Particularly because of the work of the Norf Collective, the Jefferson Street corridor has seen a recent explosion of murals and other public art. One of the oldest pieces on Jefferson, which helped kick start the public art movement along this historic street, is a Michael Cooper (of Murals and More) piece at the I-40 underpass. This 2009 piece was a collaboration between Cooper and local high school students. Cooper took drawings and designs from the students and turned them into a coherent mural. After Cooper drew it, students joined in painting it. The mural honors the Freedom Riders. Jefferson, of course, has long been the beating heart of the African American community in Nashville, and students from the three universities along the road, Fisk, Meharry Medical, and Tennesee State, were active in the Freedom Riders and numerous other activities in the Civil Rights era. The placement of the mural is poignant for another reason. I-40, I-65, and I-440 cut the Jefferson Street neighborhood into pieces, doing everlasting damage that the community continues to work to repair. Nashville is hardly the only city where the interstates were built through the heart of African American neighborhoods. It was a common practice. If you have wondered why some protesters have taken to blocking interstates, there’s definitely a history there. This mural has been vandalized in the past, which forced Cooper to coat it with a clear coating that makes vandalism easier to remove.

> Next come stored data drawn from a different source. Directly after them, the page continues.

(* Let $(P,A,\lambda)$ be a marked poset and let $x\in\mathcal{O}_{P,A}(\lambda)$. Then $x$ is a vertex of the marked order polytope $\mathcal{O}_{P,A}(\lambda)$ if and only if every connected component of the identity diagram $\mathcal{D}^\lambda_{P,A}(x)$ contains an element of $A$.
   Context: A marked poset $(P,A,\lambda)$ consists of a finite poset $P$, a subset $A\subseteq P$ containing all minimal and all maximal elements of $P$, and a vector $\lambda=(\lambda_a)_{a\in A}\in\mathbb{R}^A$ with $\lambda_a\le\lambda_b$ whenever $a\le b$. The marked order polytope is $\mathcal{O}_{P,A}(\lambda)=\{x\in\mathbb{R}^{P\setminus A}: x_p\le x_q \text{ for } p\le q;\ \lambda_a\le x_p \text{ for } a\le p;\ x_p\le\lambda_b \text{ for } p\le b\}$. For $x\in\mathcal{O}_{P,A}(\lambda)$ put $v(p)=x_p$ if $p\notin A$ and $v(p)=\lambda_p$ if $p\in A$. The identity diagram $\mathcal{D}^\lambda_{P,A}(x)$ contains the Hasse diagram of $P$ (an arrow $p\to q$ whenever $q$ covers $p$), and additionally a reverse arrow $q\to p$ whenever $p\to q$ is a Hasse arrow, $p,q$ are not both in $A$, and $v(p)=v(q)$. A set of nodes is connected if any two of its nodes are joined by a (possibly empty) chain of double arrows $p\rightleftarrows p_1\rightleftarrows\cdots\rightleftarrows p_t\rightleftarrows q$ within the set; connected components are the maximal connected subsets. *)

theory Defs
  imports "HOL-Analysis.Analysis"
begin

text \<open>A finite poset is modelled as a finite type 'p (the ground set is UNIV) with
  an order relation le.\<close>

definition marked_poset :: "('p::finite \<Rightarrow> 'p \<Rightarrow> bool) \<Rightarrow> 'p set \<Rightarrow> ('p \<Rightarrow> real) \<Rightarrow> bool" where
  "marked_poset le A lam \<longleftrightarrow>
     (\<forall>p. le p p) \<and> (\<forall>p q. le p q \<longrightarrow> le q p \<longrightarrow> p = q) \<and>
     (\<forall>p q r. le p q \<longrightarrow> le q r \<longrightarrow> le p r) \<and>
     (\<forall>p. (\<forall>q. le q p \<longrightarrow> q = p) \<longrightarrow> p \<in> A) \<and>
     (\<forall>p. (\<forall>q. le p q \<longrightarrow> q = p) \<longrightarrow> p \<in> A) \<and>
     (\<forall>a\<in>A. \<forall>b\<in>A. le a b \<longrightarrow> lam a \<le> lam b)"

text \<open>The marked order polytope, embedded in real^'p: the coordinates indexed by A are
  frozen to the marking lam, the remaining coordinates are the coordinates of R^(P - A).
  Then the coordinate function is exactly the function v of the paper.\<close>

definition marked_order_polytope ::
  "('p::finite \<Rightarrow> 'p \<Rightarrow> bool) \<Rightarrow> 'p set \<Rightarrow> ('p \<Rightarrow> real) \<Rightarrow> (real ^ 'p) set" where
  "marked_order_polytope le A lam =
     {x. (\<forall>a\<in>A. x $ a = lam a) \<and>
         (\<forall>p q. p \<notin> A \<longrightarrow> q \<notin> A \<longrightarrow> le p q \<longrightarrow> x $ p \<le> x $ q) \<and>
         (\<forall>a p. a \<in> A \<longrightarrow> p \<notin> A \<longrightarrow> le a p \<longrightarrow> lam a \<le> x $ p) \<and>
         (\<forall>p b. p \<notin> A \<longrightarrow> b \<in> A \<longrightarrow> le p b \<longrightarrow> x $ p \<le> lam b)}"

definition covers :: "('p \<Rightarrow> 'p \<Rightarrow> bool) \<Rightarrow> 'p \<Rightarrow> 'p \<Rightarrow> bool" where
  "covers le p q \<longleftrightarrow> le p q \<and> p \<noteq> q \<and> \<not> (\<exists>r. le p r \<and> le r q \<and> r \<noteq> p \<and> r \<noteq> q)"

definition diagram_arrow ::
  "('p::finite \<Rightarrow> 'p \<Rightarrow> bool) \<Rightarrow> 'p set \<Rightarrow> real ^ 'p \<Rightarrow> 'p \<Rightarrow> 'p \<Rightarrow> bool" where
  "diagram_arrow le A x p q \<longleftrightarrow>
     covers le p q \<or> (covers le q p \<and> \<not> (p \<in> A \<and> q \<in> A) \<and> x $ p = x $ q)"

definition double_arrow ::
  "('p::finite \<Rightarrow> 'p \<Rightarrow> bool) \<Rightarrow> 'p set \<Rightarrow> real ^ 'p \<Rightarrow> 'p \<Rightarrow> 'p \<Rightarrow> bool" where
  "double_arrow le A x p q \<longleftrightarrow> diagram_arrow le A x p q \<and> diagram_arrow le A x q p"

definition diagram_connected ::
  "('p::finite \<Rightarrow> 'p \<Rightarrow> bool) \<Rightarrow> 'p set \<Rightarrow> real ^ 'p \<Rightarrow> 'p set \<Rightarrow> bool" where
  "diagram_connected le A x S \<longleftrightarrow>
     (\<forall>p\<in>S. \<forall>q\<in>S. (\<lambda>a b. a \<in> S \<and> b \<in> S \<and> double_arrow le A x a b)\<^sup>*\<^sup>* p q)"

definition diagram_component ::
  "('p::finite \<Rightarrow> 'p \<Rightarrow> bool) \<Rightarrow> 'p set \<Rightarrow> real ^ 'p \<Rightarrow> 'p set \<Rightarrow> bool" where
  "diagram_component le A x S \<longleftrightarrow>
     diagram_connected le A x S \<and>
     (\<forall>T. diagram_connected le A x T \<longrightarrow> S \<subseteq> T \<longrightarrow> T = S)"

end

theory Submission
  imports Defs
begin

text \<open>If some component C of the identity diagram avoids A, then every comparable pair
  crossing the boundary of C has strictly different values (otherwise the chain of covers
  between them would be a chain of double arrows leaving C), so moving all coordinates in C
  by a small amount in either direction stays in the polytope and x is the midpoint of two
  of its points. Conversely, if x is the midpoint of y and z in the polytope, then y is
  constant along every double arrow, hence on every component; as each component contains
  a marked element, where y agrees with x, we get y = x.\<close>

lemma marked_order_polytope_iff:
  assumes "marked_poset le A lam"
  shows "y \<in> marked_order_polytope le A lam \<longleftrightarrow>
    (\<forall>a\<in>A. y $ a = lam a) \<and> (\<forall>p q. le p q \<longrightarrow> (p \<notin> A \<or> q \<notin> A) \<longrightarrow> y $ p \<le> y $ q)"
  unfolding marked_order_polytope_def by (smt (verit) mem_Collect_eq)

lemma marked_order_polytope_mono:
  assumes mp: "marked_poset le A lam" and y: "y \<in> marked_order_polytope le A lam"
    and "le p q"
  shows "y $ p \<le> y $ q"
proof (cases "p \<in> A \<and> q \<in> A")
  case True
  then show ?thesis using y mp \<open>le p q\<close> unfolding marked_order_polytope_def marked_poset_def by auto
next
  case False
  then show ?thesis using marked_order_polytope_iff[OF mp] y \<open>le p q\<close> by blast
qed

lemma double_arrow_sym: "double_arrow le A x p q \<Longrightarrow> double_arrow le A x q p"
  unfolding double_arrow_def by blast

lemma double_arrow_iff:
  assumes "marked_poset le A lam"
  shows "double_arrow le A x p q \<longleftrightarrow>
    (covers le p q \<or> covers le q p) \<and> \<not> (p \<in> A \<and> q \<in> A) \<and> x $ p = x $ q"
proof -
  have "\<not> (covers le p q \<and> covers le q p)"
    using assms unfolding covers_def marked_poset_def by blast
  then show ?thesis unfolding double_arrow_def diagram_arrow_def by auto
qed

lemma rtranclp_covers_if_le_level:
  fixes le :: "'p::finite \<Rightarrow> 'p \<Rightarrow> bool" and v :: "'p \<Rightarrow> 'a::order"
  assumes refl: "\<And>p. le p p" and antisym: "\<And>p q. le p q \<Longrightarrow> le q p \<Longrightarrow> p = q"
    and trans: "\<And>p q r. le p q \<Longrightarrow> le q r \<Longrightarrow> le p r"
    and mono: "\<And>p q. le p q \<Longrightarrow> v p \<le> v q"
  shows "le p q \<Longrightarrow> v p = v q \<Longrightarrow> (\<lambda>a b. covers le a b \<and> v a = v b)\<^sup>*\<^sup>* p q"
proof (induction "card {r. le p r \<and> le r q}" arbitrary: p q rule: less_induct)
  case less
  let ?I = "\<lambda>p q. {r. le p r \<and> le r q}"
  show ?case
  proof (cases "p = q \<or> covers le p q")
    case True
    then show ?thesis using less.prems by (auto intro: r_into_rtranclp)
  next
    case False
    then obtain r where r: "le p r" "le r q" "r \<noteq> p" "r \<noteq> q"
      using less.prems unfolding covers_def by blast
    have vr: "v p = v r" "v r = v q"
      using mono[OF r(1)] mono[OF r(2)] less.prems(2) by simp_all
    have "?I p r \<subset> ?I p q"
    proof -
      have "?I p r \<subseteq> ?I p q" using trans r(2) by blast
      moreover have "q \<in> ?I p q - ?I p r" using refl antisym less.prems(1) r(2,4) by blast
      ultimately show ?thesis by blast
    qed
    moreover have "?I r q \<subset> ?I p q"
    proof -
      have "?I r q \<subseteq> ?I p q" using trans r(1) by blast
      moreover have "p \<in> ?I p q - ?I r q" using refl antisym less.prems(1) r(1,3) by blast
      ultimately show ?thesis by blast
    qed
    ultimately have "card (?I p r) < card (?I p q)" "card (?I r q) < card (?I p q)"
      by (simp_all add: psubset_card_mono)
    then show ?thesis
      using less.hyps r(1,2) vr by (meson rtranclp_trans)
  qed
qed


lemma diagram_connected_insert:
  assumes conn: "diagram_connected le A x S" and a: "a \<in> S"
    and ab: "double_arrow le A x a b"
  shows "diagram_connected le A x (insert b S)"
  unfolding diagram_connected_def
proof (intro ballI)
  let ?R = "\<lambda>u w. u \<in> insert b S \<and> w \<in> insert b S \<and> double_arrow le A x u w"
  have within_S: "?R\<^sup>*\<^sup>* u w" if "u \<in> S" "w \<in> S" for u w
    using conn that unfolding diagram_connected_def
    by (blast intro: mono_rtranclp[rule_format, rotated])
  have "?R a b" "?R b a" using a ab double_arrow_sym by auto
  then have to_a: "?R\<^sup>*\<^sup>* u a" and from_a: "?R\<^sup>*\<^sup>* a u" if "u \<in> insert b S" for u
    using that within_S[OF _ a] within_S[OF a] by auto
  fix u w assume "u \<in> insert b S" "w \<in> insert b S"
  then show "?R\<^sup>*\<^sup>* u w" using to_a from_a by (blast intro: rtranclp_trans)
qed

lemma diagram_component_double_arrow_closed:
  assumes "diagram_component le A x C" "a \<in> C" "double_arrow le A x a b"
  shows "b \<in> C"
  using assms diagram_connected_insert unfolding diagram_component_def by blast

lemma diagram_component_nonempty:
  assumes "diagram_component le A x C"
  shows "C \<noteq> {}"
proof
  assume "C = {}"
  have "diagram_connected le A x {undefined}" unfolding diagram_connected_def by simp
  then show False using assms \<open>C = {}\<close> unfolding diagram_component_def by blast
qed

Located on the southwest side of the I-40 underpass on Jefferson Street, at the beginning of the 2500 block. Street parking is available across the street, though traffic can make crossing hard. Some parking is available at nearby business.


Welcome to the garden

Garden Brunch Cafe mural by Norf Collective

In honor of the Jefferson Street Art Crawl which I visited this evening, some Jefferson Street art. Why, you might ask, is this picture taken at such an odd angle? Well, there’s a fence in the way. A fence that serves no obvious purpose other than blocking a clear view of this mural. This is a Norf Collective piece (their website is down as of this posting – I’ll add the link if it comes back up), done as part of the Jefferson Street Community Health Fair last August. See the Get healthy! post for more details. It’s found on the east wall of the Garden Brunch Cafe (which I recommend), so the depiction of a quiet garden makes sense.

UPDATE: Here’s their Facebook page. And the website is up and running.

Located at 924 Jefferson Street. If you are there for a meal, and why wouldn’t you be, the restaurant has parking in back. You can probably also park next door at Popeye’s or the church behind the Garden Brunch Cafe.